■ **Try it**
Up to and including the line containing "assms by simp", retype each line of the listing below exactly, beginning with the first.

■ **Input material**
--- START ---

theorem psd_tar_V_K2q:
  assumes "2 \<le> q"
  shows "psd_tar_V (K2q_V q) (K2q_E q) = K2q_forcing_family 0 1 {2..<q+2}"
proof (rule set_eqI)
  fix T
  have "psd_forcing_set (K2q_V q) (K2q_E q) T \<longleftrightarrow>
    T \<subseteq> K2q_V q \<and> T \<noteq> {0} \<and> T \<noteq> {1} \<and> \<not> T \<subset> {2..<q+2}"
  proof
    assume F: "psd_forcing_set (K2q_V q) (K2q_E q) T"
    then have "T \<subseteq> K2q_V q" unfolding psd_forcing_set_def by simp
    moreover have "T \<noteq> {0}" "T \<noteq> {1}"
      using F not_psd_forcing_set_K2q_singleton[OF assms, of 0]
        not_psd_forcing_set_K2q_singleton[OF assms, of 1] by auto
    moreover have "\<not> T \<subset> {2..<q+2}"
      using F not_psd_forcing_set_K2q_psubset by blast
    ultimately show "T \<subseteq> K2q_V q \<and> T \<noteq> {0} \<and> T \<noteq> {1} \<and> \<not> T \<subset> {2..<q+2}"
      by blast
  next
    assume "T \<subseteq> K2q_V q \<and> T \<noteq> {0} \<and> T \<noteq> {1} \<and> \<not> T \<subset> {2..<q+2}"
    moreover have "0 < q" using assms by simp
    ultimately show "psd_forcing_set (K2q_V q) (K2q_E q) T"
      using psd_forcing_set_K2q by blast
  qed
  then show "T \<in> psd_tar_V (K2q_V q) (K2q_E q) \<longleftrightarrow> T \<in> K2q_forcing_family 0 1 {2..<q+2}"
    unfolding psd_tar_V_def K2q_forcing_family_def K2q_V_eq by blast
qed

lemma ex_psd_forcing_set_K2q_pair:
  assumes "0 < q" "x \<in> K2q_V q"
  obtains y where "psd_forcing_set (K2q_V q) (K2q_E q) {x, y}"
proof (cases "x < 2")
  case True
  have "psd_forcing_set (K2q_V q) (K2q_E q) {x, 2}"
    by (rule psd_forcing_set_K2q_pair) (use True assms(1) in simp_all)
  then show ?thesis by (rule that)
next
  case False
  have "psd_forcing_set (K2q_V q) (K2q_E q) {0, x}"
    by (rule psd_forcing_set_K2q_pair) (use False assms(2) in \<open>simp_all add: K2q_V_def\<close>)
  then have "psd_forcing_set (K2q_V q) (K2q_E q) {x, 0}" by (simp add: insert_commute)
  then show ?thesis by (rule that)
qed

lemma ex_K2q_labelling:
  assumes "finite S" "a \<noteq> a'" "a \<notin> S" "a' \<notin> S"
  obtains f where "bij_betw f (insert a (insert a' S)) (K2q_V (card S))"
    "\<And>x. x \<in> insert a (insert a' S) \<Longrightarrow> f x < 2 \<longleftrightarrow> x \<in> {a, a'}"
proof -
  let ?V = "insert a (insert a' S)" and ?q = "card S"
  obtain g where g: "bij_betw g S {0..<?q}"
    using ex_bij_betw_finite_nat[OF assms(1)] by blast
  define f where "f x = (if x = a then 0 else if x = a' then 1 else g x + 2)" for x
  have "f ` S = (\<lambda>n. n + 2) ` g ` S"
    using assms(3,4) unfolding f_def image_image by (intro image_cong) auto
  also have "\<dots> = (\<lambda>n. n + 2) ` {0..<?q}"
    using g unfolding bij_betw_def by simp
  also have "\<dots> = {2..<?q + 2}"
    by (subst image_add_atLeastLessThan') (simp add: numeral_2_eq_2)
  finally have "f ` S = {2..<?q + 2}" .
  moreover have "f a = 0" "f a' = 1" using assms(2) by (simp_all add: f_def)
  ultimately have "f ` ?V = K2q_V ?q"
    unfolding K2q_V_eq by simp
  moreover have "card (f ` ?V) = card ?V"
    unfolding \<open>f ` ?V = K2q_V ?q\<close> using assms(1-4) unfolding K2q_V_def by simp
  then have "inj_on f ?V"
    using assms(1) by (intro eq_card_imp_inj_on) simp_all
  ultimately have "bij_betw f ?V (K2q_V ?q)"
    unfolding bij_betw_def by simp
  moreover have "f x < 2 \<longleftrightarrow> x \<in> {a, a'}" if "x \<in> ?V" for x
    using that assms(2) unfolding f_def by auto
  ultimately show ?thesis by (rule that)
qed

lemma graph_iso_K2q_if_adj_iff:
  assumes "finite S" "a \<noteq> a'" "a \<notin> S" "a' \<notin> S"
    and adj: "\<forall>x\<in>insert a (insert a' S). \<forall>y\<in>insert a (insert a' S). E x y \<longleftrightarrow> (x \<in> {a, a'} \<longleftrightarrow> y \<in> S)"
  shows "graph_iso (insert a (insert a' S)) E (K2q_V (card S)) (K2q_E (card S))"
proof -
  let ?V = "insert a (insert a' S)" and ?q = "card S"
  obtain f where bij: "bij_betw f ?V (K2q_V ?q)" and small: "\<And>x. x \<in> ?V \<Longrightarrow> f x < 2 \<longleftrightarrow> x \<in> {a, a'}"
    using ex_K2q_labelling[OF assms(1-4)] by blast
  have "E x y \<longleftrightarrow> K2q_E ?q (f x) (f y)" if "x \<in> ?V" "y \<in> ?V" for x y
  proof -
    have "f x \<in> K2q_V ?q" "f y \<in> K2q_V ?q"
      using bij_betwE[OF bij] that by blast+
    then have "f x < ?q + 2" "f y < ?q + 2"
      unfolding K2q_V_def by simp_all
    then have "K2q_E ?q (f x) (f y) \<longleftrightarrow> (f x < 2 \<longleftrightarrow> \<not> f y < 2)"
      unfolding K2q_E_iff by linarith
    also have "\<dots> \<longleftrightarrow> (x \<in> {a, a'} \<longleftrightarrow> y \<in> S)"
      using small[OF that(1)] small[OF that(2)] that(2) assms(3,4) by blast
    finally show ?thesis using adj that by blast
  qed
  with bij show ?thesis
    unfolding graph_iso_def by blast
qed

section \<open>Graphs with the forcing sets of the complete bipartite graph\<close>

locale K2q_forcing_graph =
  fixes V :: "'a set" and E :: "'a \<Rightarrow> 'a \<Rightarrow> bool" and a a' :: 'a and S :: "'a set"
  assumes simple: "simple_graph V E" and no_isolated: "no_isolated V E"
    and small_neq: "a \<noteq> a'" and small_notin: "a \<notin> S" "a' \<notin> S"
    and V_eq: "V = insert a (insert a' S)" and two_le_card: "2 \<le> card S"
    and forcing_family: "psd_tar_V V E = K2q_forcing_family a a' S"
begin

lemma finite_S: "finite S"
  using simple V_eq unfolding simple_graph_def by simp

lemma S_subset: "S \<subseteq> V"
  using V_eq by blast

lemma adj_sym: "E x y \<Longrightarrow> E y x"
  using simple unfolding simple_graph_def by blast

lemma not_adj_self: "\<not> E x x"
  using simple unfolding simple_graph_def by blast

lemma psd_forcing_set_iff:
  "psd_forcing_set V E X \<longleftrightarrow> X \<subseteq> V \<and> 2 \<le> card X \<and> (X \<subseteq> S \<longrightarrow> X = S)"
proof -
  have "psd_forcing_set V E X \<longleftrightarrow> X \<in> K2q_forcing_family a a' S"
    using forcing_family unfolding psd_tar_V_def by blast
  then show ?thesis
    unfolding mem_K2q_forcing_family_iff[OF finite_S two_le_card] V_eq .
qed

lemma swap_small_part: "K2q_forcing_graph V E a' a S"
proof
  show "psd_tar_V V E = K2q_forcing_family a' a S"
    using forcing_family unfolding K2q_forcing_family_def by (simp add: insert_commute)
qed (use simple no_isolated small_neq small_notin V_eq two_le_card in \<open>auto simp: insert_commute\<close>)

lemma white_S_Diff: "b \<in> S \<Longrightarrow> V - (S - {b}) = {a, a', b}"
  using V_eq small_notin by auto

text \<open>Removing one vertex b from S leaves a non-forcing set on which no force is possible,
  since a single force would restore a set of size |S| that is forcing.\<close>
lemma no_psd_force_S_Diff:
  assumes "b \<in> S"
  shows "\<not> psd_force V E (S - {b}) u w"
proof
  assume force: "psd_force V E (S - {b}) u w"
  then have w: "w \<in> {a, a', b}"
    using white_S_Diff[OF assms] unfolding psd_force_def by simp
  have "psd_forcing_set V E (insert w (S - {b}))"
  proof (cases "w = b")
    case True
    then show ?thesis
      using assms psd_forcing_set_iff two_le_card S_subset by (simp add: insert_absorb)
  next
    case False
    then have "w \<notin> S" "w \<in> V" using w small_notin V_eq by auto
    moreover have "card (insert w (S - {b})) = card S"
      using \<open>w \<notin> S\<close> assms finite_S two_le_card by (simp add: card_Suc_Diff1)
    ultimately show ?thesis
      using psd_forcing_set_iff two_le_card assms V_eq by auto
  qed
  then have "psd_forcing_set V E (S - {b})"
    by (rule psd_forcing_set_if_force[OF force])
  then show False
    using psd_forcing_set_iff assms by blast
qed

--- END ---

■ **Exercise solution**
theorem psd_tar_V_K2q:
  assumes "2 \<le> q"
  shows "psd_tar_V (K2q_V q) (K2q_E q) = K2q_forcing_family 0 1 {2..<q+2}"
proof (rule set_eqI)
  fix T
  have "psd_forcing_set (K2q_V q) (K2q_E q) T \<longleftrightarrow>
    T \<subseteq> K2q_V q \<and> T \<noteq> {0} \<and> T \<noteq> {1} \<and> \<not> T \<subset> {2..<q+2}"
  proof
    assume F: "psd_forcing_set (K2q_V q) (K2q_E q) T"
    then have "T \<subseteq> K2q_V q" unfolding psd_forcing_set_def by simp
    moreover have "T \<noteq> {0}" "T \<noteq> {1}"
      using F not_psd_forcing_set_K2q_singleton[OF assms, of 0]
        not_psd_forcing_set_K2q_singleton[OF assms, of 1] by auto
    moreover have "\<not> T \<subset> {2..<q+2}"
      using F not_psd_forcing_set_K2q_psubset by blast
    ultimately show "T \<subseteq> K2q_V q \<and> T \<noteq> {0} \<and> T \<noteq> {1} \<and> \<not> T \<subset> {2..<q+2}"
      by blast
  next
    assume "T \<subseteq> K2q_V q \<and> T \<noteq> {0} \<and> T \<noteq> {1} \<and> \<not> T \<subset> {2..<q+2}"
    moreover have "0 < q" using assms by simp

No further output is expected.